lemma gdist_cart:
  assumes "connected_graph VG EG" "connected_graph VH EH"
    and "u \<in> VG" "x \<in> VG" "v \<in> VH" "y \<in> VH"
  shows "gdist (cart_vertices VG VH) (cart_edges VG EG VH EH) (u, v) (x, y)
         = gdist VG EG u x + gdist VH EH v y"
    (is "?d = _")
proof (rule antisym)
  obtain a b where "walk VG EG u a x" "walk VH EH v b y"
    using connected_graph_walk assms by metis
  then show "?d \<le> gdist VG EG u x + gdist VH EH v y"
    by (intro gdist_le_walk walk_cart gdist_walk)
  then have "walk (cart_vertices VG VH) (cart_edges VG EG VH EH) (u, v) ?d (x, y)"
    using \<open>walk VG EG u a x\<close> \<open>walk VH EH v b y\<close> by (blast intro: gdist_walk walk_cart)
  then obtain a' b' where "a' + b' = ?d" "walk VG EG u a' x" "walk VH EH v b' y"
    using walk_cartD by fastforce
  then show "gdist VG EG u x + gdist VH EH v y \<le> ?d"
    using gdist_le_walk by (metis add_mono)
qed

lemma resolving_set_of_edge_cart_fibre:
  assumes "connected_graph VG EG" "connected_graph VH EH"
    and "u \<in> VG" "{v1, v2} \<in> EH"
  shows "resolving_set_of_edge (cart_vertices VG VH) (cart_edges VG EG VH EH) (u, v1) (u, v2)
         \<subseteq> VG \<times> resolving_set_of_edge VH EH v1 v2"
proof
  fix z assume z: "z \<in> resolving_set_of_edge (cart_vertices VG VH) (cart_edges VG EG VH EH)
    (u, v1) (u, v2)"
  obtain x y where xy: "z = (x, y)" "x \<in> VG" "y \<in> VH"
    using z by (auto simp: resolving_set_of_edge_def cart_vertices_def)
  have "simple_graph VH EH" using assms(2) by (simp add: connected_graph_def)
  with z xy have "gdist VH EH v1 y \<noteq> gdist VH EH v2 y"
    using gdist_cart[OF assms(1,2,3) \<open>x \<in> VG\<close>] simple_graph_edgeD[OF _ assms(4)]
    by (simp add: resolving_set_of_edge_def)
  with xy show "z \<in> VG \<times> resolving_set_of_edge VH EH v1 v2"
    by (simp add: resolving_set_of_edge_def)
qed

lemma mem_resolving_set_of_edge:
  assumes "simple_graph V E" "{u, v} \<in> E"
  shows "u \<in> resolving_set_of_edge V E u v"
proof -
  have "{v, u} \<in> E" using assms(2) by (simp add: insert_commute)
  then show ?thesis
    using simple_graph_edgeD[OF assms] gdist_self[of u V E] gdist_neq_0[of v u E V]
    by (auto simp: resolving_set_of_edge_def)
qed

lemma local_resolving_function_one:
  assumes "simple_graph V E"
  shows "local_resolving_function V E (\<lambda>_. 1)"
  unfolding local_resolving_function_def
proof (intro conjI ballI allI impI)
  fix u v assume "{u, v} \<in> E"
  moreover have "finite (resolving_set_of_edge V E u v)"
    using assms unfolding simple_graph_def resolving_set_of_edge_def by simp
  ultimately have "resolving_set_of_edge V E u v \<noteq> {}" "finite (resolving_set_of_edge V E u v)"
    using mem_resolving_set_of_edge[OF assms] by blast+
  then show "1 \<le> (\<Sum>x\<in>resolving_set_of_edge V E u v. 1::real)"
    by (simp add: Suc_le_eq card_gt_0_iff)
qed auto

lemma ldim_f_le:
  assumes "local_resolving_function V E f"
  shows "ldim_f V E \<le> (\<Sum>x\<in>V. f x)"
  unfolding ldim_f_def
proof (rule cInf_lower)
  show "bdd_below {sum f V |f. local_resolving_function V E f}"
    unfolding bdd_below_def local_resolving_function_def
    by (intro exI[of _ 0]) (auto intro: sum_nonneg)
qed (use assms in blast)

lemma ldim_f_greatest:
  assumes "simple_graph V E"
    and "\<And>f. local_resolving_function V E f \<Longrightarrow> c \<le> (\<Sum>x\<in>V. f x)"
  shows "c \<le> ldim_f V E"
  unfolding ldim_f_def
  using local_resolving_function_one[OF assms(1)] assms(2) by (intro cInf_greatest) auto

lemma local_resolving_function_cart_projection:
  assumes "connected_graph VG EG" "connected_graph VH EH"
    and f: "local_resolving_function (cart_vertices VG VH) (cart_edges VG EG VH EH) f"
  shows "local_resolving_function VH EH (\<lambda>y. min 1 (\<Sum>x\<in>VG. f (x, y)))"
    (is "local_resolving_function VH EH ?g")
  unfolding local_resolving_function_def
proof (intro conjI ballI allI impI)
  have f0: "0 \<le> f z" if "z \<in> VG \<times> VH" for z
    using f that unfolding local_resolving_function_def cart_vertices_def by auto
  then show g0: "0 \<le> ?g y" if "y \<in> VH" for y
    using that by (auto intro!: sum_nonneg)
  show "?g y \<le> 1" for y by simp
  fix v1 v2 assume e: "{v1, v2} \<in> EH"
  let ?L = "resolving_set_of_edge VH EH v1 v2"
  have finG: "finite VG" "VG \<noteq> {}" and finL: "finite ?L" and LV: "?L \<subseteq> VH"
    using assms(1,2) unfolding connected_graph_def simple_graph_def resolving_set_of_edge_def
    by auto
  then obtain u where u: "u \<in> VG" by blast
  have "{(u, v1), (u, v2)} \<in> cart_edges VG EG VH EH" unfolding cart_edges_def using u e by blast
  then have "1 \<le> (\<Sum>z\<in>resolving_set_of_edge (cart_vertices VG VH) (cart_edges VG EG VH EH)
      (u, v1) (u, v2). f z)"
    using f unfolding local_resolving_function_def by blast
  also have "\<dots> \<le> (\<Sum>z\<in>VG \<times> ?L. f z)"
    using resolving_set_of_edge_cart_fibre[OF assms(1,2) u e] finG finL LV f0
    by (intro sum_mono2) auto
  also have "\<dots> = (\<Sum>x\<in>VG. \<Sum>y\<in>?L. f (x, y))"
    using sum.cartesian_product[of "\<lambda>x y. f (x, y)" ?L VG] by simp
  also have "\<dots> = (\<Sum>y\<in>?L. \<Sum>x\<in>VG. f (x, y))"
    by (rule sum.swap)
  finally have sum_ge: "1 \<le> (\<Sum>y\<in>?L. \<Sum>x\<in>VG. f (x, y))" .
  show "1 \<le> (\<Sum>y\<in>?L. ?g y)"
  proof (cases "\<exists>y\<in>?L. 1 \<le> (\<Sum>x\<in>VG. f (x, y))")
    case True
    then obtain y where "y \<in> ?L" "?g y = 1" by auto
    moreover have "?g y \<le> (\<Sum>y\<in>?L. ?g y)"
      using \<open>y \<in> ?L\<close> finL g0 LV by (intro member_le_sum) auto
    ultimately show ?thesis by simp
  next
    case False
    then show ?thesis using sum_ge by (simp add: not_le)
  qed
qed
lemma act_zero_seq: "act (\<lambda>n. 0) x = 0"
  using act_scale[OF pc_in_A, of 0 0 x] by (simp add: sm_zero)

lemma act_pc_pc: "act (pc m) (act (pc n) x) = (if m = n then act (pc n) x else 0)"
proof -
  have "(\<lambda>k. pc m k * pc n k) = (if m = n then pc n else (\<lambda>k. 0))"
    by (auto simp: pc_def)
  then show ?thesis
    using act_mult[OF pc_in_A pc_in_A, of m n x] by (simp add: act_zero_seq split: if_splits)
qed

lemma act_pc_act: "a \<in> A \<Longrightarrow> act (pc n) (act a x) = sm (a n) (act (pc n) x)"
proof -
  assume a: "a \<in> A"
  have "(\<lambda>k. pc n k * a k) = (\<lambda>k. a n * pc n k)" by (auto simp: pc_def)
  then show ?thesis
    using act_mult[OF pc_in_A a, of n x] act_scale[OF pc_in_A, of "a n" n x] by simp
qed

lemma act_pc_in_Xn: "act (pc n) x \<in> Xn act n"
  unfolding Xn_def by simp

end

locale fibred_module = seq_module A nA sm act
  for A :: "(nat \<Rightarrow> complex) set" and nA :: "(nat \<Rightarrow> complex) \<Rightarrow> real"
    and sm :: "complex \<Rightarrow> 'x::ab_group_add \<Rightarrow> 'x"
    and act :: "(nat \<Rightarrow> complex) \<Rightarrow> 'x \<Rightarrow> 'x" +
  fixes nn :: "nat \<Rightarrow> 'x \<Rightarrow> real"
  assumes finite_support: "\<And>x. \<exists>N. \<forall>n\<ge>N. act (pc n) x = 0"
    and separating: "\<And>x. (\<forall>n. act (pc n) x = 0) \<Longrightarrow> x = 0"
    and fibre_norms: "\<And>n. norm_on (Xn act n) sm (nn n)"
begin

definition coord :: "'x \<Rightarrow> nat \<Rightarrow> real" where
  "coord x n = nn n (act (pc n) x)"

lemma nn_nonneg: "v \<in> Xn act n \<Longrightarrow> nn n v \<ge> 0"
  and nn_eq_0_iff: "v \<in> Xn act n \<Longrightarrow> nn n v = 0 \<longleftrightarrow> v = 0"
  and nn_triangle: "v \<in> Xn act n \<Longrightarrow> w \<in> Xn act n \<Longrightarrow> nn n (v + w) \<le> nn n v + nn n w"
  and nn_scale: "v \<in> Xn act n \<Longrightarrow> nn n (sm c v) = cmod c * nn n v"
  using fibre_norms[of n] unfolding norm_on_def by blast+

--

In the listing above, locate the line with "using act_mult[OF pc_in_A pc_in_A, of" and the line with "locale fibred_module = seq_module A nA sm act", then extract exactly those lines and every line between them, and nothing more.

ANSWER TO THIS PROBLEM:
    using act_mult[OF pc_in_A pc_in_A, of m n x] by (simp add: act_zero_seq split: if_splits)
qed

lemma act_pc_act: "a \<in> A \<Longrightarrow> act (pc n) (act a x) = sm (a n) (act (pc n) x)"
proof -
  assume a: "a \<in> A"
  have "(\<lambda>k. pc n k * a k) = (\<lambda>k. a n * pc n k)" by (auto simp: pc_def)
  then show ?thesis
    using act_mult[OF pc_in_A a, of n x] act_scale[OF pc_in_A, of "a n" n x] by simp
qed

lemma act_pc_in_Xn: "act (pc n) x \<in> Xn act n"
  unfolding Xn_def by simp

end

locale fibred_module = seq_module A nA sm act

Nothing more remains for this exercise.